## [Task]
From the data below, repeat exactly the lines from the line with "M \<sigma> = 3" to the line with "M \<sigma>, map", both included.

(Stored data entries)
== Segment start ==

lemma md_inv_Recv:
  assumes "md_inv f \<sigma>" "trans n f \<Phi> (Recv m i) \<sigma> = Some \<sigma>'" "Suc f < n"
  shows "md_inv f \<sigma>'"
proof -
  have "(m, i) \<in># net \<sigma>" and \<sigma>': "\<sigma>' = \<sigma>\<lparr> net := net \<sigma> - {# (m, i) #},
      sst := (sst \<sigma>)(i := srv_recv n f \<Phi> i m (sst \<sigma> i)) \<rparr>"
    using assms(2) by (auto simp: trans_def split: if_splits)
  then have "is_full m \<Longrightarrow> i \<le> f" using assms(1) unfolding md_inv_def channel_inv_def by blast
  then have "server_inv f (srv_recv n f \<Phi> i m (sst \<sigma> i))"
    using assms(1,3) server_inv_srv_recv unfolding md_inv_def by blast
  then show ?thesis using assms(1) unfolding \<sigma>' md_inv_def buffer_inv_def channel_inv_def
    by (auto dest: in_diffD)
qed

lemma md_inv_SendW:
  assumes "md_inv f \<sigma>" "trans n f \<Phi> (SendW q) \<sigma> = Some \<sigma>'"
  shows "md_inv f \<sigma>'"
proof -
  let ?b = "send_buff (wst \<sigma> q)"
  have "?b \<noteq> []" and \<sigma>': "\<sigma>' = \<sigma>\<lparr> wst := (wst \<sigma>)(q := (wst \<sigma> q)\<lparr> send_buff := tl ?b \<rparr>),
      net := net \<sigma> + {# hd ?b #} \<rparr>"
    using assms(2) by (auto simp: trans_def Let_def split: if_splits)
  then have "hd ?b \<in> set ?b" by simp
  then show ?thesis using assms(1) unfolding \<sigma>' md_inv_defs
    by (auto simp: split_beta dest: set_tl_subset) (metis prod.collapse)+
qed

lemma md_inv_SendS:
  assumes "md_inv f \<sigma>" "trans n f \<Phi> (SendS i M) \<sigma> = Some \<sigma>'"
  shows "md_inv f \<sigma>'"
proof -
  let ?s = "sst \<sigma> i"
  let ?q = "outQueue ?s M"
  have "?q \<noteq> []" and \<sigma>': "\<sigma>' = \<sigma>\<lparr> sst := (sst \<sigma>)(i := ?s\<lparr> outQueue := (outQueue ?s)(M := tl ?q),
      status := (if tl ?q = [] then (status ?s)(M := Some Ready) else status ?s) \<rparr>),
      net := net \<sigma> + {# hd ?q #} \<rparr>"
    using assms(2) by (auto simp: trans_def Let_def split: if_splits)
  then have hd_in: "hd ?q \<in> set ?q" by simp
  have "server_inv f (sst \<sigma>' i)"
    using assms(1) \<open>?q \<noteq> []\<close> unfolding \<sigma>' md_inv_def server_inv_def
    by (auto simp del: not_None_eq dest: set_tl_subset)
  moreover have "channel_inv f \<sigma>'"
    unfolding channel_inv_def
  proof (intro allI impI)
    fix m d assume "(m, d) \<in># net \<sigma>'" "is_full m"
    then have "(m, d) = hd ?q \<or> (m, d) \<in># net \<sigma>" by (simp add: \<sigma>')
    then have "(m, d) \<in> set ?q \<or> (m, d) \<in># net \<sigma>" using hd_in by metis
    then show "d \<le> f"
      using assms(1) \<open>is_full m\<close> unfolding md_inv_def channel_inv_def server_inv_def by blast
  qed
  ultimately show ?thesis using assms(1) unfolding \<sigma>' md_inv_def buffer_inv_def by auto
qed

lemma md_inv_step:
  assumes "md_inv f \<sigma>" "trans n f \<Phi> a \<sigma> = Some \<sigma>'" "Suc f < n"
  shows "md_inv f \<sigma>'"
proof (cases a)
  case Recv
  then show ?thesis using md_inv_Recv[OF assms(1) _ assms(3)] assms(2) by simp
next
  case SendW
  then show ?thesis using md_inv_SendW[OF assms(1)] assms(2) by simp
next
  case SendS
  then show ?thesis using md_inv_SendS[OF assms(1)] assms(2) by simp
qed (use assms in \<open>auto simp: trans_def Let_def md_inv_defs split: if_splits\<close>)

text \<open>
  A server that has not seen M yet weighs 3n: on receiving the first full copy it queues at most
  n messages of weight 3, so consuming a message of weight 2 from the channels still lowers the
  total.
\<close>
definition server_weight :: "nat \<Rightarrow> 'w mid \<Rightarrow> ('w,'t,'v,'c) server_st \<Rightarrow> nat" where
  "server_weight n M s = (if status s M = None then 3 * n else 0)
     + (if content s M = None then 0 else 1) + 3 * length (outQueue s M)"

definition buffered_part :: "'w mid \<Rightarrow> ('w,'t,'v,'c) gstate \<Rightarrow> (('w,'t,'v,'c) msg \<times> nat) list" where
  "buffered_part M \<sigma> = filter (\<lambda>x. mid_of (fst x) = M) (send_buff (wst \<sigma> (fst M)))"

definition in_transit :: "'w mid \<Rightarrow> (('w,'t,'v,'c) msg \<times> nat) multiset \<Rightarrow> nat" where
  "in_transit M N = size (filter_mset (\<lambda>x. mid_of (fst x) = M) N)"

definition pending :: "nat \<Rightarrow> 'w mid \<Rightarrow> ('w,'t,'v,'c) gstate \<Rightarrow> nat" where
  "pending n M \<sigma> = 3 * length (buffered_part M \<sigma>) + 2 * in_transit M (net \<sigma>)
     + (\<Sum>i<n. server_weight n M (sst \<sigma> i))"

type_synonym ('w,'t,'v,'c) mid_record =
  "srv_status option \<times> ('t \<times> 'c) option \<times> (('w,'t,'v,'c) msg \<times> nat) list"

definition server_view :: "'w mid \<Rightarrow> ('w,'t,'v,'c) server_st \<Rightarrow> ('w,'t,'v,'c) mid_record" where
  "server_view M s = (status s M, content s M, outQueue s M)"

definition mid_view :: "nat \<Rightarrow> 'w mid \<Rightarrow> ('w,'t,'v,'c) gstate
    \<Rightarrow> (('w,'t,'v,'c) msg \<times> nat) list \<times> ('w,'t,'v,'c) mid_record list" where
  "mid_view n M \<sigma> = (buffered_part M \<sigma>, map (\<lambda>i. server_view M (sst \<sigma> i)) [0..<n])"

abbreviation descends :: "nat \<Rightarrow> 'w mid \<Rightarrow> ('w,'t,'v,'c) gstate \<Rightarrow> ('w,'t,'v,'c) gstate \<Rightarrow> bool" where
  "descends n M \<sigma> \<sigma>' \<equiv> pending n M \<sigma>' < pending n M \<sigma>
     \<or> pending n M \<sigma>' = pending n M \<sigma> \<and> mid_view n M \<sigma>' = mid_view n M \<sigma>"

lemma in_transit_add_mset:
  "in_transit M (add_mset x N) = in_transit M N + (if mid_of (fst x) = M then 1 else 0)"
  by (simp add: in_transit_def)

lemma in_transit_remove:
  assumes "x \<in># N"
  shows "in_transit M (N - {#x#}) + (if mid_of (fst x) = M then 1 else 0) = in_transit M N"
  using in_transit_add_mset[of M x "N - {#x#}"] by (simp add: insert_DiffM[OF assms])

lemma srv_recv_other_mid:
  "mid_of m \<noteq> M \<Longrightarrow> server_view M (srv_recv n f \<Phi> i m s) = server_view M s"
  by (cases m) (auto simp: srv_recv_def server_view_def)

lemma server_weight_cong: "server_view M s' = server_view M s \<Longrightarrow> server_weight n M s' = server_weight n M s"
  by (simp add: server_view_def server_weight_def)

lemma mid_view_eqD:
  assumes "mid_view n M \<sigma>' = mid_view n M \<sigma>"
  shows "buffered_part M \<sigma>' = buffered_part M \<sigma>"
    and "i < n \<Longrightarrow> server_view M (sst \<sigma>' i) = server_view M (sst \<sigma> i)"
  using assms by (auto simp: mid_view_def map_eq_conv)

lemma descends_if_unchanged:
  assumes "mid_view n M \<sigma>' = mid_view n M \<sigma>" "in_transit M (net \<sigma>') = in_transit M (net \<sigma>)"
  shows "descends n M \<sigma> \<sigma>'"
proof -
  have "(\<Sum>i<n. server_weight n M (sst \<sigma>' i)) = (\<Sum>i<n. server_weight n M (sst \<sigma> i))"
    using mid_view_eqD(2)[OF assms(1)] by (intro sum.cong refl server_weight_cong) simp
  then have "pending n M \<sigma>' = pending n M \<sigma>"
    using mid_view_eqD(1)[OF assms(1)] assms(2) by (simp add: pending_def)
  then show ?thesis using assms(1) by simp
qed

lemma pending_server_step:
  assumes "wst \<sigma>' = wst \<sigma>" "i < n" "\<And>j. j \<noteq> i \<Longrightarrow> sst \<sigma>' j = sst \<sigma> j"
  shows "pending n M \<sigma>' + 2 * in_transit M (net \<sigma>) + server_weight n M (sst \<sigma> i)
       = pending n M \<sigma> + 2 * in_transit M (net \<sigma>') + server_weight n M (sst \<sigma>' i)"
  using sum_update_add[of i n "\<lambda>j. server_weight n M (sst \<sigma> j)" "\<lambda>j. server_weight n M (sst \<sigma>' j)"] assms
  by (simp add: pending_def buffered_part_def)

lemma mid_view_server_step:
  assumes "wst \<sigma>' = wst \<sigma>" "\<And>j. j \<noteq> i \<Longrightarrow> sst \<sigma>' j = sst \<sigma> j"
    and "server_view M (sst \<sigma>' i) = server_view M (sst \<sigma> i)"
  shows "mid_view n M \<sigma>' = mid_view n M \<sigma>"
proof -
  have "server_view M (sst \<sigma>' j) = server_view M (sst \<sigma> j)" for j
    using assms(2,3) by (cases "j = i") auto
  then show ?thesis using assms(1) by (simp add: mid_view_def buffered_part_def)
qed

lemma pending_writer_step:
  assumes "sst \<sigma>' = sst \<sigma>"
  shows "pending n M \<sigma>' + 3 * length (buffered_part M \<sigma>) + 2 * in_transit M (net \<sigma>)
       = pending n M \<sigma> + 3 * length (buffered_part M \<sigma>') + 2 * in_transit M (net \<sigma>')"
  using assms by (simp add: pending_def)

lemma mid_view_writer_step:
  "sst \<sigma>' = sst \<sigma> \<Longrightarrow> buffered_part M \<sigma>' = buffered_part M \<sigma> \<Longrightarrow> mid_view n M \<sigma>' = mid_view n M \<sigma>"
  by (simp add: mid_view_def)

lemma length_srv_recv_queue:
  assumes "Suc f \<le> n"
  shows "length ([(Full M t v, j). j \<leftarrow> [Suc i..<Suc f]] @ [(Coded M t (\<Phi> j v), j). j \<leftarrow> [Suc f..<n], j \<noteq> i])
     \<le> n" (is "length (?F @ ?C) \<le> n")
proof -
  have "length ?C \<le> n - Suc f"
    by (simp add: list_comprehension_filter order_trans[OF length_filter_le])
  moreover have "length ?F \<le> f" by auto
  ultimately show ?thesis using assms by simp
qed

lemma server_weight_srv_recv:
  assumes "mid_of m = M" "Suc f \<le> n"
  shows "server_weight n M (srv_recv n f \<Phi> i m s) \<le> server_weight n M s + 1"
proof (cases m)
  case (Full M t v)
  then show ?thesis using assms length_srv_recv_queue[OF assms(2), of M t v i \<Phi>]
    unfolding srv_recv_def server_weight_def by auto
qed (use assms in \<open>auto simp: srv_recv_def server_weight_def\<close>)

lemma descends_Recv:
  assumes "trans n f \<Phi> (Recv m i) \<sigma> = Some \<sigma>'" "Suc f \<le> n"
  shows "descends n M \<sigma> \<sigma>'"
proof -
  have "(m, i) \<in># net \<sigma>" "i < n" and \<sigma>': "\<sigma>' = \<sigma>\<lparr> net := net \<sigma> - {# (m, i) #},
      sst := (sst \<sigma>)(i := srv_recv n f \<Phi> i m (sst \<sigma> i)) \<rparr>"
    using assms(1) by (auto simp: trans_def split: if_splits)
  have step: "pending n M \<sigma>' + 2 * in_transit M (net \<sigma>) + server_weight n M (sst \<sigma> i)
      = pending n M \<sigma> + 2 * in_transit M (net \<sigma>') + server_weight n M (sst \<sigma>' i)"
    using \<open>i < n\<close> by (intro pending_server_step) (auto simp: \<sigma>')
  have transit: "in_transit M (net \<sigma>') + (if mid_of m = M then 1 else 0) = in_transit M (net \<sigma>)"
    using in_transit_remove[OF \<open>(m, i) \<in># net \<sigma>\<close>] by (simp add: \<sigma>')
  show ?thesis
  proof (cases "mid_of m = M")
    case True
    then have "server_weight n M (sst \<sigma>' i) \<le> server_weight n M (sst \<sigma> i) + 1"
      using server_weight_srv_recv[OF True assms(2)] by (simp add: \<sigma>')
    then show ?thesis using step transit True by simp
  next
    case False
    then have "mid_view n M \<sigma>' = mid_view n M \<sigma>"
      by (intro mid_view_server_step[of _ _ i]) (auto simp: \<sigma>' srv_recv_other_mid)
    then show ?thesis using transit False by (intro descends_if_unchanged) simp_all
  qed
qed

== Segment end ==

## [Written reply]
  "pending n M \<sigma> = 3 * length (buffered_part M \<sigma>) + 2 * in_transit M (net \<sigma>)
     + (\<Sum>i<n. server_weight n M (sst \<sigma> i))"

type_synonym ('w,'t,'v,'c) mid_record =
  "srv_status option \<times> ('t \<times> 'c) option \<times> (('w,'t,'v,'c) msg \<times> nat) list"

definition server_view :: "'w mid \<Rightarrow> ('w,'t,'v,'c) server_st \<Rightarrow> ('w,'t,'v,'c) mid_record" where
  "server_view M s = (status s M, content s M, outQueue s M)"

definition mid_view :: "nat \<Rightarrow> 'w mid \<Rightarrow> ('w,'t,'v,'c) gstate
    \<Rightarrow> (('w,'t,'v,'c) msg \<times> nat) list \<times> ('w,'t,'v,'c) mid_record list" where
  "mid_view n M \<sigma> = (buffered_part M \<sigma>, map (\<lambda>i. server_view M (sst \<sigma> i)) [0..<n])"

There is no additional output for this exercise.